给定一组n个字符串arr[],找到包含给定集合中每个字符串的最小字符串作为子字符串。我们可以假设arr[]中没有字符串是另一个字符串的子字符串。 例如:
Input: arr[] = {"geeks", "quiz", "for"}Output: geeksquizforInput: arr[] = {"catg", "ctaagt", "gcta", "ttca", "atgcatc"}Output: gctaagttcatgcatc
最短超弦贪婪近似算法 最短超弦问题是一个非常复杂的问题 NP难 问题总是找到最短超弦的解决方案需要指数时间。
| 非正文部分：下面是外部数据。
(* Assume $p\neq 0.5$ and $e_{-1}+e_{+1}<1$. Let $\mathcal F$ be a class of measurable classifiers $f:\mathcal X\to\{-1,+1\}$ such that $\min_{f\in\mathcal F}R_{\mathcal D}(f)$ is attained, and let $\tilde f^*\in\arg\min_{f\in\mathcal F}\mathbb E_{\tilde{\mathcal D}}[\mathbb 1_{\mathrm{peer}}(f(X),\tilde Y)]$. Then $$\bigl|R_{\mathcal D}(\tilde f^* )-\min_{f\in\mathcal F}R_{\mathcal D}(f)\bigr|\le|\delta_p|,\qquad \delta_p:=\mathbb P(Y=+1)-\mathbb P(Y=-1),$$ where $R_{\mathcal D}(f)=\mathbb P_{(X,Y)\sim\mathcal D}(f(X)\neq Y)$.
   Context: Let $\mathcal X\subseteq\mathbb R^d$ and let $(X,Y)$ be a random pair with distribution $\mathcal D$ on $\mathcal X\times\{-1,+1\}$, with $p:=\mathbb P(Y=+1)\in(0,1)$. A noisy label $\tilde Y\in\{-1,+1\}$ is generated with noise rates $e_{+1}:=\mathbb P(\tilde Y=-1\mid Y=+1)$, $e_{-1}:=\mathbb P(\tilde Y=+1\mid Y=-1)$, where $\tilde Y$ is conditionally independent of $X$ given $Y$; $\tilde{\mathcal D}$ is the distribution of $(X,\tilde Y)$. The 0-1 loss is $\mathbb 1(a,b)=1$ if $a\neq b$ and $0$ otherwise. The expected 0-1 peer loss of $f$ on $\tilde{\mathcal D}$ is $$\mathbb E_{\tilde{\mathcal D}}[\mathbb 1_{\mathrm{peer}}(f(X),\tilde Y)]:=\mathbb E[\mathbb 1(f(X),\tilde Y)]-\mathbb E[\mathbb 1(f(X_1),\tilde Y_2)],$$ where $(X,\tilde Y),(X_1,\tilde Y_1),(X_2,\tilde Y_2)$ are i.i.d. draws from $\tilde{\mathcal D}$. *)

theory Defs
  imports "HOL-Probability.Probability"
begin

text \<open>0-1 loss on labels in {-1,+1} (represented as integers).\<close>
definition zero_one :: "int \<Rightarrow> int \<Rightarrow> real" where
  "zero_one a b = (if a \<noteq> b then 1 else 0)"

definition joint_distr :: "'w measure \<Rightarrow> ('w \<Rightarrow> 'a::euclidean_space) \<Rightarrow> ('w \<Rightarrow> int)
    \<Rightarrow> ('a \<times> int) measure" where
  "joint_distr M X L = distr M (borel \<Otimes>\<^sub>M count_space UNIV) (\<lambda>\<omega>. (X \<omega>, L \<omega>))"

definition risk :: "('a \<times> int) measure \<Rightarrow> ('a \<Rightarrow> int) \<Rightarrow> real" where
  "risk D f = measure D {z \<in> space D. f (fst z) \<noteq> snd z}"

definition peer_risk :: "('a \<times> int) measure \<Rightarrow> ('a \<Rightarrow> int) \<Rightarrow> real" where
  "peer_risk Dt f =
     (\<integral>z. zero_one (f (fst z)) (snd z) \<partial>Dt)
     - (\<integral>zz. zero_one (f (fst (fst zz))) (snd (snd zz)) \<partial>(Dt \<Otimes>\<^sub>M Dt))"

end

theory Submission
  imports Defs
begin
下面是一个近似的贪婪算法。
Let arr[] be given set of strings.1) Create an auxiliary array of strings, temp[]. Copy contents of arr[] to temp[]2) While temp[] contains more than one strings a) Find the most overlapping string pair in temp[]. Let this pair be 'a' and 'b'. b) Replace 'a' and 'b' with the string obtained after combining them.3) The only string left in temp[] is the result, return it.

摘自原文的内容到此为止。